Tú eres un detalle más, un suspiro más, una ilusión más, un momento más. La esperanza que vuelve de distinta forma y que vuelve a morir de algún modo u otro, más temprano que tarde.
De ahí que ya no quiero dirigirme hacia ti, no darte importancia, mirar hacia el lado contrario de donde vengas, por más que me robes el aliento y me alborotes el interior del cuerpo, mientras siento que muero y vivo, que me elevo y desciendo una y mil veces.
Porque contigo todo se desmorona antes de empezar, porque no hay un contigo, porque eres la abstracción que se funde en el misterio, porque no sé nada de ti.
Miércoles, dije, me gusta ese día. Al fin creo tener una certeza, dije con toda seguridad y alegría, me dirigí al lugar de la posibilidad del todo, que puede cambiar por lo demás todo el escenario y las palabras dichas, pero no. Llegué al lugar, no había casi nadie, el escenario yacía con el telón abajo, el público no estaba y el protagonista estaba quién sabe donde. Me fui decepcionada, no sólo por no encontrar al protagonista, sino porque mi única certeza se pulverizó y esperar otro miércoles me parecía una tortura. A los días siguientes quise extinguir la idea de mis miércoles de colores, de alborotos internos y de certezas ya a esas alturas inciertas. Día martes,me sumergí en el enojo que provocaba la lentitud de la micro y la saturación de las calles, mientras iba con retraso a una clase. Sonó una canción que me recordó el pasado, empecé a putear las coincidencias, o sea, si la micro no hubiese ido tan lento, quizá no habría tenido que oír esa canción y eso no me habría llevado a remontar el pasado. "Putas coincidencias, las odio", pensaba ensimismada mientras la micro se detuvo. Subió gente, cosa normal en los trayectos de micros, pero de nuevo y como siempre apareció, sin que yo lo esperara o supiera, quién debiese haber aparecido al día siguiente. Se me cortó el aliento, pero intenté controlarme hasta el punto máximo de parecer indiferente ante la situación, lo primero sería fijar la vista en otro lado cualquiera que no fuera su mirada, lo segundo sería hacer como si nada, no dar mensajes subliminales, ni crear un encuentros en las miradas. Era tan difícil todo, reprimir las ganas de mirar, fingir que mi atención se dirigía a cualquier otro sitio. El mundo no podía importarme menos en ese momento, pero yo fingía interés en todo lo que veía tras la ventana y una que otra vez, lo miraba de reojo. Sentí deseos de llorar, la adrenalina reprimida era inaguantable y sólo pensaba, una y otra vez, "esto es sólo una casualidad, es sólo una casualidad..." Contigo siempre es así, tú eres la casualidad, eres la no certeza, sobre lo que no tengo poder de goce, ni oportunidad de oler siquiera.

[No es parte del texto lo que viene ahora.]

(* If $G$ is a gate and $v\in V(G)$, then $v$ belongs to exactly two cliques of $G$, and if $C_1$ and $C_2$ are these two cliques then $C_1\cap C_2=\{v\}$.
   Context: All graphs are finite and simple. A clique is a maximal complete set of vertices. Gates are defined recursively: (i) every chordless cycle $C_n$ with $n\geq 4$ is a gate; (ii) if $H$ is a gate, $C$ and $C'$ are disjoint cliques of $H$, and $P=(v_1,\dots,v_l)$ with $l\geq 2$ is a chordless path vertex-disjoint from $H$, then the union of $H$ and $P$ together with all edges between $v_1$ and the vertices of $C$ and all edges between $v_l$ and the vertices of $C'$ is a gate; (iii) there are no other gates. *)

theory Defs
  imports Main
begin

text \<open>A simple graph is given by a vertex set V and a set E of 2-element edge sets.\<close>

definition complete_set :: "'a set \<Rightarrow> 'a set set \<Rightarrow> 'a set \<Rightarrow> bool" where
  "complete_set V E S \<longleftrightarrow> S \<subseteq> V \<and> (\<forall>x\<in>S. \<forall>y\<in>S. x \<noteq> y \<longrightarrow> {x, y} \<in> E)"

definition is_clique :: "'a set \<Rightarrow> 'a set set \<Rightarrow> 'a set \<Rightarrow> bool" where
  "is_clique V E C \<longleftrightarrow> complete_set V E C \<and> (\<forall>S. complete_set V E S \<and> C \<subseteq> S \<longrightarrow> S = C)"

definition cycle_edges :: "'a list \<Rightarrow> 'a set set" where
  "cycle_edges vs = {{vs ! i, vs ! (Suc i mod length vs)} | i. i < length vs}"

definition path_edges :: "'a list \<Rightarrow> 'a set set" where
  "path_edges ps = {{ps ! i, ps ! Suc i} | i. Suc i < length ps}"

inductive gate :: "'a set \<Rightarrow> 'a set set \<Rightarrow> bool" where
  cycle: "distinct vs \<Longrightarrow> length vs \<ge> 4 \<Longrightarrow> gate (set vs) (cycle_edges vs)"
| extend: "gate V E \<Longrightarrow> is_clique V E C \<Longrightarrow> is_clique V E C' \<Longrightarrow> C \<inter> C' = {} \<Longrightarrow>
    distinct ps \<Longrightarrow> length ps \<ge> 2 \<Longrightarrow> set ps \<inter> V = {} \<Longrightarrow>
    gate (V \<union> set ps)
         (E \<union> path_edges ps \<union> {{hd ps, c} | c. c \<in> C} \<union> {{last ps, c} | c. c \<in> C'})"

end

theory Submission
  imports Defs
begin

text \<open>
  Call the neighbourhood of v split if it is the union of two nonempty, disjoint, complete sets
  A and B with no edge between them. Then the cliques through v are exactly {v} \<union> A and
  {v} \<union> B, which meet in {v}, so it suffices to show that in a gate every neighbourhood splits.
  This survives the inductive construction. On a chordless cycle, and at an inner vertex of an
  attached path, the neighbourhood consists of two nonadjacent vertices. An end of the attached
  path sees the clique C (or C') and its neighbour on the path, which are nonadjacent. An old
  vertex v \<in> C has C = {v} \<union> A for one side A of its split, and the new end simply joins A;
  the neighbourhoods of the old vertices outside C \<union> C' do not change.
\<close>

definition simple_graph :: "'a set \<Rightarrow> 'a set set \<Rightarrow> bool" where
  "simple_graph V E \<longleftrightarrow> E \<subseteq> {{x, y} | x y. x \<in> V \<and> y \<in> V \<and> x \<noteq> y}"

definition nbhd :: "'a set set \<Rightarrow> 'a \<Rightarrow> 'a set" where
  "nbhd E v = {u. {v, u} \<in> E}"

definition nbhd_splits :: "'a set \<Rightarrow> 'a set set \<Rightarrow> 'a \<Rightarrow> 'a set \<Rightarrow> 'a set \<Rightarrow> bool" where
  "nbhd_splits V E v A B \<longleftrightarrow>
     A \<noteq> {} \<and> B \<noteq> {} \<and> A \<inter> B = {} \<and> nbhd E v = A \<union> B \<and>
     complete_set V E A \<and> complete_set V E B \<and> (\<forall>a\<in>A. \<forall>b\<in>B. {a, b} \<notin> E)"

lemma simple_graph_edgeD:
  assumes "simple_graph V E" "{x, y} \<in> E"
  shows "x \<noteq> y" "x \<in> V" "y \<in> V"
  using assms by (auto simp: simple_graph_def doubleton_eq_iff)

lemma simple_graph_mono: "simple_graph V E \<Longrightarrow> V \<subseteq> V' \<Longrightarrow> simple_graph V' E"
  unfolding simple_graph_def by blast

lemma simple_graph_Un: "simple_graph V E \<Longrightarrow> simple_graph V F \<Longrightarrow> simple_graph V (E \<union> F)"
  by (simp add: simple_graph_def)

lemma simple_graph_star:
  "x \<in> V \<Longrightarrow> S \<subseteq> V \<Longrightarrow> x \<notin> S \<Longrightarrow> simple_graph V {{x, c} | c. c \<in> S}"
  unfolding simple_graph_def by blast

lemma nbhd_subset: "simple_graph V E \<Longrightarrow> nbhd E v \<subseteq> V"
  by (auto simp: nbhd_def dest: simple_graph_edgeD)

lemma not_in_nbhd_self: "simple_graph V E \<Longrightarrow> v \<notin> nbhd E v"
  using simple_graph_edgeD(1)[of V E v v] unfolding nbhd_def by auto

lemma nbhd_eqI:
  assumes "simple_graph V E" "S \<subseteq> V" "\<And>u. u \<in> V \<Longrightarrow> {x, u} \<in> E \<longleftrightarrow> u \<in> S"
  shows "nbhd E x = S"
proof -
  have "{x, u} \<notin> E" if "u \<notin> V" for u
    using simple_graph_edgeD(3)[OF assms(1)] that by blast
  then show ?thesis
    using assms(2,3) unfolding nbhd_def by blast
qed

lemma complete_set_mono:
  "complete_set V E A \<Longrightarrow> V \<subseteq> V' \<Longrightarrow> E \<subseteq> E' \<Longrightarrow> complete_set V' E' A"
  by (auto simp: complete_set_def)

lemma complete_set_subset: "complete_set V E S \<Longrightarrow> T \<subseteq> S \<Longrightarrow> complete_set V E T"
  by (auto simp: complete_set_def)

lemma complete_set_insert:
  assumes "complete_set V E A" "v \<in> V" "A \<subseteq> nbhd E v"
  shows "complete_set V E (insert v A)"
  using assms by (auto simp: complete_set_def nbhd_def insert_commute)

lemma clique_nonempty:
  assumes "is_clique V E C" "x \<in> V"
  shows "C \<noteq> {}"
proof
  assume "C = {}"
  moreover have "complete_set V E {x}"
    using \<open>x \<in> V\<close> by (simp add: complete_set_def)
  ultimately show False
    using assms(1) unfolding is_clique_def by blast
qed

lemma nbhd_splits_sym:
  assumes "nbhd_splits V E v A B"
  shows "nbhd_splits V E v B A"
proof -
  have "\<forall>b\<in>B. \<forall>a\<in>A. {b, a} \<notin> E"
    using assms unfolding nbhd_splits_def by (metis insert_commute)
  with assms show ?thesis
    unfolding nbhd_splits_def by (auto simp: Int_commute Un_commute)
qed

lemma nbhd_splits_two_points:
  assumes "a \<in> V" "b \<in> V" "a \<noteq> b" "{a, b} \<notin> E" "nbhd E v = {a, b}"
  shows "nbhd_splits V E v {a} {b}"
  using assms by (auto simp: nbhd_splits_def complete_set_def)

lemma clique_insert_split:
  assumes "v \<in> V" and split: "nbhd_splits V E v A B"
  shows "is_clique V E (insert v A)"
  unfolding is_clique_def
proof (intro conjI allI impI)
  show "complete_set V E (insert v A)"
    using split \<open>v \<in> V\<close> by (intro complete_set_insert) (auto simp: nbhd_splits_def)
  fix S assume S: "complete_set V E S \<and> insert v A \<subseteq> S"
  obtain a where "a \<in> A" using split by (auto simp: nbhd_splits_def)
  have "x \<in> insert v A" if "x \<in> S" for x
  proof (rule ccontr)
    assume x: "x \<notin> insert v A"
    with S that have "{v, x} \<in> E" "{a, x} \<in> E"
      using \<open>a \<in> A\<close> unfolding complete_set_def by auto
    with x split have "x \<in> B" by (auto simp: nbhd_splits_def nbhd_def)
    with split \<open>a \<in> A\<close> \<open>{a, x} \<in> E\<close> show False by (auto simp: nbhd_splits_def)
  qed
  with S show "S = insert v A" by blast
qed

lemma cliques_through_split:
  assumes "v \<in> V" and split: "nbhd_splits V E v A B"
  shows "{C. is_clique V E C \<and> v \<in> C} = {insert v A, insert v B}"
proof -
  have cliques: "is_clique V E (insert v A)" "is_clique V E (insert v B)"
    using clique_insert_split[OF \<open>v \<in> V\<close> split]
      clique_insert_split[OF \<open>v \<in> V\<close> nbhd_splits_sym[OF split]] by auto
  have "K \<in> {insert v A, insert v B}" if K: "is_clique V E K" "v \<in> K" for K
  proof -
    have complete: "complete_set V E K"
      using K(1) by (simp add: is_clique_def)
    have K_nbhd: "K \<subseteq> insert v (A \<union> B)"
    proof
      fix x assume "x \<in> K"
      then have "x = v \<or> {v, x} \<in> E" using complete K(2) by (auto simp: complete_set_def)
      then show "x \<in> insert v (A \<union> B)" using split by (auto simp: nbhd_splits_def nbhd_def)
    qed
    have "K \<subseteq> insert v A \<or> K \<subseteq> insert v B"
    proof (rule ccontr)
      assume "\<not> ?thesis"
      then obtain a b where "a \<in> K" "a \<in> A" "b \<in> K" "b \<in> B"
        using K_nbhd by blast
      moreover have "a \<noteq> b" using calculation split by (auto simp: nbhd_splits_def)
      ultimately have "{a, b} \<in> E" using complete by (simp add: complete_set_def)
      with \<open>a \<in> A\<close> \<open>b \<in> B\<close> split show False by (simp add: nbhd_splits_def)
    qed
    moreover have "complete_set V E (insert v A)" "complete_set V E (insert v B)"
      using cliques by (simp_all add: is_clique_def)
    moreover have "\<And>S. complete_set V E S \<Longrightarrow> K \<subseteq> S \<Longrightarrow> S = K"
      using K(1) by (simp add: is_clique_def)
    ultimately show ?thesis by blast
  qed
  with cliques show ?thesis by auto
qed

lemma cycle_edges_adj:
  assumes "distinct vs" "i < length vs" "j < length vs"
  shows "{vs ! i, vs ! j} \<in> cycle_edges vs \<longleftrightarrow> j = Suc i mod length vs \<or> i = Suc j mod length vs"
proof -
  have eq: "vs ! a = vs ! b \<longleftrightarrow> a = b" if "a < length vs" "b < length vs" for a b
    using assms(1) that by (simp add: nth_eq_iff_index_eq)
  have "{vs ! i, vs ! j} = {vs ! k, vs ! (Suc k mod length vs)} \<longleftrightarrow>
      (i = k \<and> j = Suc k mod length vs) \<or> (i = Suc k mod length vs \<and> j = k)"
    if "k < length vs" for k
  proof -
    have "Suc k mod length vs < length vs"
      using that by (intro mod_less_divisor) linarith
    then show ?thesis
      unfolding doubleton_eq_iff using eq that assms(2,3) by meson
  qed
  then show ?thesis
    using assms(2,3) unfolding cycle_edges_def by auto
qed

lemma simple_graph_cycle_edges:
  assumes "distinct vs" "2 \<le> length vs"
  shows "simple_graph (set vs) (cycle_edges vs)"
  unfolding simple_graph_def cycle_edges_def
proof clarify
  fix i assume i: "i < length vs"
  then have "Suc i mod length vs \<noteq> i" "Suc i mod length vs < length vs"
    using assms(2) by (auto simp: mod_if)
  then show "\<exists>x y. {vs ! i, vs ! (Suc i mod length vs)} = {x, y} \<and> x \<in> set vs \<and> y \<in> set vs \<and> x \<noteq> y"
    using i nth_eq_iff_index_eq[OF assms(1)] by (metis nth_mem)
qed

text \<open>\<open>(i + n - 1) mod n\<close> is the cyclic predecessor of i; writing \<open>i - 1\<close> would truncate at 0.\<close>

lemma cycle_index_arith:
  fixes i n :: nat
  assumes "i < n" "4 \<le> n"
  shows "Suc i mod n \<noteq> i"
    and "Suc i mod n \<noteq> (i + n - 1) mod n"
    and "(i + n - 1) mod n \<noteq> Suc (Suc i mod n) mod n"
    and "j < n \<Longrightarrow> i = Suc j mod n \<longleftrightarrow> j = (i + n - 1) mod n"
proof -
  show "Suc i mod n \<noteq> i"
    using assms by (simp add: mod_if)
  show "Suc i mod n \<noteq> (i + n - 1) mod n"
    using assms by (cases "i = 0"; cases "Suc i = n") (auto simp: mod_if)
  show "(i + n - 1) mod n \<noteq> Suc (Suc i mod n) mod n"
    using assms by (cases "i = 0"; cases "Suc i = n"; cases "Suc (Suc i) = n") (auto simp: mod_if)
  show "i = Suc j mod n \<longleftrightarrow> j = (i + n - 1) mod n" if "j < n"
    using assms that by (cases "i = 0"; cases "Suc j = n") (auto simp: mod_if)
qed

Eres lo desconocido, lo que me intimida con sus dos piedras brillantes que me trizan cual cristal en mi interior. Eres lo que no busqué, lo que veía y me hacía sonreír, lo que encontré en un lugar y se traslado a un sitio compartido.
Eres mi mejor secreto, lo que quiero olvidar antes de cualquier cosa.
"Creo que todos los miércoles lo veré, al fin tengo una certeza" no fue así, porque las casualidades simplemente deben romper todo tipo de certezas.
"Dónde lo he visto" "Sé que lo conozco de algún lugar" pensé un día en el patio de la universidad
"No quiero bolsa, gracias" se fue, llegó él con actitud decidida, le iba a decir lo mismo que al anterior, que no quería bolsa, pero antes de terminar la frase, tenía mis cosas dentro de una bolsa, pero se dio cuenta de lo que le había dicho. Ambos dudamos, yo de lo que decía y él de lo que hacía, finalmente le dije, "ya, no importa", fue una imagen más bien de dos personas torpes. De espaldas y con la situación ya finalizada, se sentía a sus pares como se burlaban de él. Me sonreí para mis adentros.
Desperté un día y lo primero que se me vino a la mente de forma enérgica, sin reflexión alguna y pienso que ni siquiera tan despierta: "Ya sé de dónde lo conozco, sé quien es". Eso fue, te reconocí.
Mi duda, mi no certeza, "mi" de cosa propia, de cosa mía.
En cambio tú mi sorpresa, mi nada.
Tú poderoso o quizá tan débil como yo, yo que sé, yo no sé nada, sólo que no te tengo.